§ EXERCISE AIM:
All of the data needs to come back exactly as written.
[[ RECORDS FOR PROCESSING open ]]
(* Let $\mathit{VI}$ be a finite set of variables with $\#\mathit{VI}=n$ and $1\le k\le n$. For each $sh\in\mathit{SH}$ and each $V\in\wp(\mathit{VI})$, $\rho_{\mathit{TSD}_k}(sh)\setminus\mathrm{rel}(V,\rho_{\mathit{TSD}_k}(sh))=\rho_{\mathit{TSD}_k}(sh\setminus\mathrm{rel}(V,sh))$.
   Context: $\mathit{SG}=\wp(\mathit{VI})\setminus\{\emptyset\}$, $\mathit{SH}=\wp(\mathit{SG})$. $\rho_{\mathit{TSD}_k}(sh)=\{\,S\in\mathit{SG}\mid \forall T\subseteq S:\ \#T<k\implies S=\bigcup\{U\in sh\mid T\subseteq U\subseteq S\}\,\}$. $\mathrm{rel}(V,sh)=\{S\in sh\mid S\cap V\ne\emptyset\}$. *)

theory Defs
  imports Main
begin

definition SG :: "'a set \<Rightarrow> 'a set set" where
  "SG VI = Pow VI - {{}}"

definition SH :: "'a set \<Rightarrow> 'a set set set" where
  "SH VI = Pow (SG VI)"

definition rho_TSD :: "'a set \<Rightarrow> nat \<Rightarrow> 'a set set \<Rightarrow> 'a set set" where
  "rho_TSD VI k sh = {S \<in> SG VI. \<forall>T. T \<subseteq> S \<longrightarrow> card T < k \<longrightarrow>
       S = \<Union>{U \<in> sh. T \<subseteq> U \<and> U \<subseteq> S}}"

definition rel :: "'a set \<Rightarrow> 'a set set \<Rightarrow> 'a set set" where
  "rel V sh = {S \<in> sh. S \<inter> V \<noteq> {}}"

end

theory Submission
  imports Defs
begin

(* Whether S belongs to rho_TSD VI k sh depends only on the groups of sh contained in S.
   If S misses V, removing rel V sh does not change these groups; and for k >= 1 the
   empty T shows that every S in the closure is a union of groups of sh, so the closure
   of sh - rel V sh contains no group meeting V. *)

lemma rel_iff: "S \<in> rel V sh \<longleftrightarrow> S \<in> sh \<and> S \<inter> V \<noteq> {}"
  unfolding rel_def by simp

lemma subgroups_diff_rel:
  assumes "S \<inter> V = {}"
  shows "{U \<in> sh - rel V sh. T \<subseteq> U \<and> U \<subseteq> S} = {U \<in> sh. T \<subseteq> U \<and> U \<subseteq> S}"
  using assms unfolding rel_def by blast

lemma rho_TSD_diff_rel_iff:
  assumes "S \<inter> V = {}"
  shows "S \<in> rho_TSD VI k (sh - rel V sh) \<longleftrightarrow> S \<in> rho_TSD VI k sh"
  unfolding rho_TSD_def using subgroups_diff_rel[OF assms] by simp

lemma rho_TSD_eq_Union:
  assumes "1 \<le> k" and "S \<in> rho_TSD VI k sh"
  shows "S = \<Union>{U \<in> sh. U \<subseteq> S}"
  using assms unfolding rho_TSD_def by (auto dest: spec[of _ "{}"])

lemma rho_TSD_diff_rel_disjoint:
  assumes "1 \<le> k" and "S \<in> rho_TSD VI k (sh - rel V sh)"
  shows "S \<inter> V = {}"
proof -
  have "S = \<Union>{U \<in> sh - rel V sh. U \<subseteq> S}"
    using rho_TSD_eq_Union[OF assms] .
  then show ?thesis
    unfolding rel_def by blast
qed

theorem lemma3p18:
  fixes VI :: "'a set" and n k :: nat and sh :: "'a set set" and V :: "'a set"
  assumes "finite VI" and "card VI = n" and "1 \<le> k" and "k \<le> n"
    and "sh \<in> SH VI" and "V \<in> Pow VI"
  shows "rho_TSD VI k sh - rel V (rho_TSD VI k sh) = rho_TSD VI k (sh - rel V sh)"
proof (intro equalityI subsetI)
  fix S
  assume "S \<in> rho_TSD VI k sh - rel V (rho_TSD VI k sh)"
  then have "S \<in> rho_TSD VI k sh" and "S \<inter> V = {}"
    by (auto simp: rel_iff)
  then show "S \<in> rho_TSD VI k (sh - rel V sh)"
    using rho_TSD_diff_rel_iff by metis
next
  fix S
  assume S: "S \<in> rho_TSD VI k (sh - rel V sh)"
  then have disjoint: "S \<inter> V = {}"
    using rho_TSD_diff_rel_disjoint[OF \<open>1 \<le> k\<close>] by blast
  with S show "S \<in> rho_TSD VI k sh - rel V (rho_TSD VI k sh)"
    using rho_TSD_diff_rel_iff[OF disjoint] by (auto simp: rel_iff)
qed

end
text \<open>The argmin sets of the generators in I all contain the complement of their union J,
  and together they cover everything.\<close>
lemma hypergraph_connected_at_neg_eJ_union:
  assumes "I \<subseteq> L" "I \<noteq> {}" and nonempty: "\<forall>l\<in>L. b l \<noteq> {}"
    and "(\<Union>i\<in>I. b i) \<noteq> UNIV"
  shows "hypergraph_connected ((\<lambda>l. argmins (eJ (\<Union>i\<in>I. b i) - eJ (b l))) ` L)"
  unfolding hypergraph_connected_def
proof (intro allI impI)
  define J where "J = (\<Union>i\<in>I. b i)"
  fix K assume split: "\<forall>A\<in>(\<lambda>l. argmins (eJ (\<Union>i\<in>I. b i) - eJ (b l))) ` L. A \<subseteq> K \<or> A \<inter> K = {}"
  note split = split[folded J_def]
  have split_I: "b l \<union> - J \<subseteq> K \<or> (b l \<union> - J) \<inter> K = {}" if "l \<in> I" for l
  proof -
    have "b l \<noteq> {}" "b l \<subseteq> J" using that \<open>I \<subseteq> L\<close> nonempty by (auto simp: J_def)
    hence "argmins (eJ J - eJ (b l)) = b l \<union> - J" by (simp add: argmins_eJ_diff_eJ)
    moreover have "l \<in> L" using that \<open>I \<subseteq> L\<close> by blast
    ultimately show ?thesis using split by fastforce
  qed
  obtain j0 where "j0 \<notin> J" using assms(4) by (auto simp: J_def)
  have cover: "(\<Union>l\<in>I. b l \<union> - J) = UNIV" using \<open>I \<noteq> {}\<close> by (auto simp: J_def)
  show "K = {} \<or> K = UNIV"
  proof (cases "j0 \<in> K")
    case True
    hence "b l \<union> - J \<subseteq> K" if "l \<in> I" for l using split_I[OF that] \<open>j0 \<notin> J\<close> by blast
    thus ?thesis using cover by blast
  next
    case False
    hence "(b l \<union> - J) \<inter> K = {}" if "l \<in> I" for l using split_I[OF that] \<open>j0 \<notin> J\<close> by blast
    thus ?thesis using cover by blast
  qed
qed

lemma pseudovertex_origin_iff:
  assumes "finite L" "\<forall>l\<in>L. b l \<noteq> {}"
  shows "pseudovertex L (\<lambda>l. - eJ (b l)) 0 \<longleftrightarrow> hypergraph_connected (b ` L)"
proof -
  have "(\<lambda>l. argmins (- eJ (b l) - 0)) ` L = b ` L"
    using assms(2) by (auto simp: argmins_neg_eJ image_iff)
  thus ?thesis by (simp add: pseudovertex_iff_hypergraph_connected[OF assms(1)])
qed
[[ RECORDS FOR PROCESSING closed ]]
§ ANSWER SECTION:
(* Let $\mathit{VI}$ be a finite set of variables with $\#\mathit{VI}=n$ and $1\le k\le n$. For each $sh\in\mathit{SH}$ and each $V\in\wp(\mathit{VI})$, $\rho_{\mathit{TSD}_k}(sh)\setminus\mathrm{rel}(V,\rho_{\mathit{TSD}_k}(sh))=\rho_{\mathit{TSD}_k}(sh\setminus\mathrm{rel}(V,sh))$.
   Context: $\mathit{SG}=\wp(\mathit{VI})\setminus\{\emptyset\}$, $\mathit{SH}=\wp(\mathit{SG})$. $\rho_{\mathit{TSD}_k}(sh)=\{\,S\in\mathit{SG}\mid \forall T\subseteq S:\ \#T<k\implies S=\bigcup\{U\in sh\mid T\subseteq U\subseteq S\}\,\}$. $\mathrm{rel}(V,sh)=\{S\in sh\mid S\cap V\ne\emptyset\}$. *)

theory Defs
  imports Main
begin

definition SG :: "'a set \<Rightarrow> 'a set set" where
  "SG VI = Pow VI - {{}}"

definition SH :: "'a set \<Rightarrow> 'a set set set" where
  "SH VI = Pow (SG VI)"

definition rho_TSD :: "'a set \<Rightarrow> nat \<Rightarrow> 'a set set \<Rightarrow> 'a set set" where
  "rho_TSD VI k sh = {S \<in> SG VI. \<forall>T. T \<subseteq> S \<longrightarrow> card T < k \<longrightarrow>
       S = \<Union>{U \<in> sh. T \<subseteq> U \<and> U \<subseteq> S}}"

definition rel :: "'a set \<Rightarrow> 'a set set \<Rightarrow> 'a set set" where
  "rel V sh = {S \<in> sh. S \<inter> V \<noteq> {}}"

end

theory Submission
  imports Defs
begin

(* Whether S belongs to rho_TSD VI k sh depends only on the groups of sh contained in S.
   If S misses V, removing rel V sh does not change these groups; and for k >= 1 the
   empty T shows that every S in the closure is a union of groups of sh, so the closure
   of sh - rel V sh contains no group meeting V. *)

lemma rel_iff: "S \<in> rel V sh \<longleftrightarrow> S \<in> sh \<and> S \<inter> V \<noteq> {}"
  unfolding rel_def by simp

lemma subgroups_diff_rel:
  assumes "S \<inter> V = {}"
  shows "{U \<in> sh - rel V sh. T \<subseteq> U \<and> U \<subseteq> S} = {U \<in> sh. T \<subseteq> U \<and> U \<subseteq> S}"
  using assms unfolding rel_def by blast

lemma rho_TSD_diff_rel_iff:
  assumes "S \<inter> V = {}"
  shows "S \<in> rho_TSD VI k (sh - rel V sh) \<longleftrightarrow> S \<in> rho_TSD VI k sh"
  unfolding rho_TSD_def using subgroups_diff_rel[OF assms] by simp

lemma rho_TSD_eq_Union:
  assumes "1 \<le> k" and "S \<in> rho_TSD VI k sh"
  shows "S = \<Union>{U \<in> sh. U \<subseteq> S}"
  using assms unfolding rho_TSD_def by (auto dest: spec[of _ "{}"])

lemma rho_TSD_diff_rel_disjoint:
  assumes "1 \<le> k" and "S \<in> rho_TSD VI k (sh - rel V sh)"
  shows "S \<inter> V = {}"
proof -
  have "S = \<Union>{U \<in> sh - rel V sh. U \<subseteq> S}"
    using rho_TSD_eq_Union[OF assms] .
  then show ?thesis
    unfolding rel_def by blast
qed

theorem lemma3p18:
  fixes VI :: "'a set" and n k :: nat and sh :: "'a set set" and V :: "'a set"
  assumes "finite VI" and "card VI = n" and "1 \<le> k" and "k \<le> n"
    and "sh \<in> SH VI" and "V \<in> Pow VI"
  shows "rho_TSD VI k sh - rel V (rho_TSD VI k sh) = rho_TSD VI k (sh - rel V sh)"
proof (intro equalityI subsetI)
  fix S
  assume "S \<in> rho_TSD VI k sh - rel V (rho_TSD VI k sh)"
  then have "S \<in> rho_TSD VI k sh" and "S \<inter> V = {}"
    by (auto simp: rel_iff)
  then show "S \<in> rho_TSD VI k (sh - rel V sh)"
    using rho_TSD_diff_rel_iff by metis
next
  fix S
  assume S: "S \<in> rho_TSD VI k (sh - rel V sh)"
  then have disjoint: "S \<inter> V = {}"
    using rho_TSD_diff_rel_disjoint[OF \<open>1 \<le> k\<close>] by blast
  with S show "S \<in> rho_TSD VI k sh - rel V (rho_TSD VI k sh)"
    using rho_TSD_diff_rel_iff[OF disjoint] by (auto simp: rel_iff)
qed

end
text \<open>The argmin sets of the generators in I all contain the complement of their union J,
  and together they cover everything.\<close>
lemma hypergraph_connected_at_neg_eJ_union:
  assumes "I \<subseteq> L" "I \<noteq> {}" and nonempty: "\<forall>l\<in>L. b l \<noteq> {}"
    and "(\<Union>i\<in>I. b i) \<noteq> UNIV"
  shows "hypergraph_connected ((\<lambda>l. argmins (eJ (\<Union>i\<in>I. b i) - eJ (b l))) ` L)"
  unfolding hypergraph_connected_def
proof (intro allI impI)
  define J where "J = (\<Union>i\<in>I. b i)"
  fix K assume split: "\<forall>A\<in>(\<lambda>l. argmins (eJ (\<Union>i\<in>I. b i) - eJ (b l))) ` L. A \<subseteq> K \<or> A \<inter> K = {}"
  note split = split[folded J_def]
  have split_I: "b l \<union> - J \<subseteq> K \<or> (b l \<union> - J) \<inter> K = {}" if "l \<in> I" for l
  proof -
    have "b l \<noteq> {}" "b l \<subseteq> J" using that \<open>I \<subseteq> L\<close> nonempty by (auto simp: J_def)
    hence "argmins (eJ J - eJ (b l)) = b l \<union> - J" by (simp add: argmins_eJ_diff_eJ)
    moreover have "l \<in> L" using that \<open>I \<subseteq> L\<close> by blast
    ultimately show ?thesis using split by fastforce
  qed
  obtain j0 where "j0 \<notin> J" using assms(4) by (auto simp: J_def)
  have cover: "(\<Union>l\<in>I. b l \<union> - J) = UNIV" using \<open>I \<noteq> {}\<close> by (auto simp: J_def)
  show "K = {} \<or> K = UNIV"
  proof (cases "j0 \<in> K")
    case True
    hence "b l \<union> - J \<subseteq> K" if "l \<in> I" for l using split_I[OF that] \<open>j0 \<notin> J\<close> by blast
    thus ?thesis using cover by blast
  next
    case False
    hence "(b l \<union> - J) \<inter> K = {}" if "l \<in> I" for l using split_I[OF that] \<open>j0 \<notin> J\<close> by blast
    thus ?thesis using cover by blast
  qed
qed

lemma pseudovertex_origin_iff:
  assumes "finite L" "\<forall>l\<in>L. b l \<noteq> {}"
  shows "pseudovertex L (\<lambda>l. - eJ (b l)) 0 \<longleftrightarrow> hypergraph_connected (b ` L)"
proof -
  have "(\<lambda>l. argmins (- eJ (b l) - 0)) ` L = b ` L"
    using assms(2) by (auto simp: argmins_neg_eJ image_iff)
  thus ?thesis by (simp add: pseudovertex_iff_hypergraph_connected[OF assms(1)])
qed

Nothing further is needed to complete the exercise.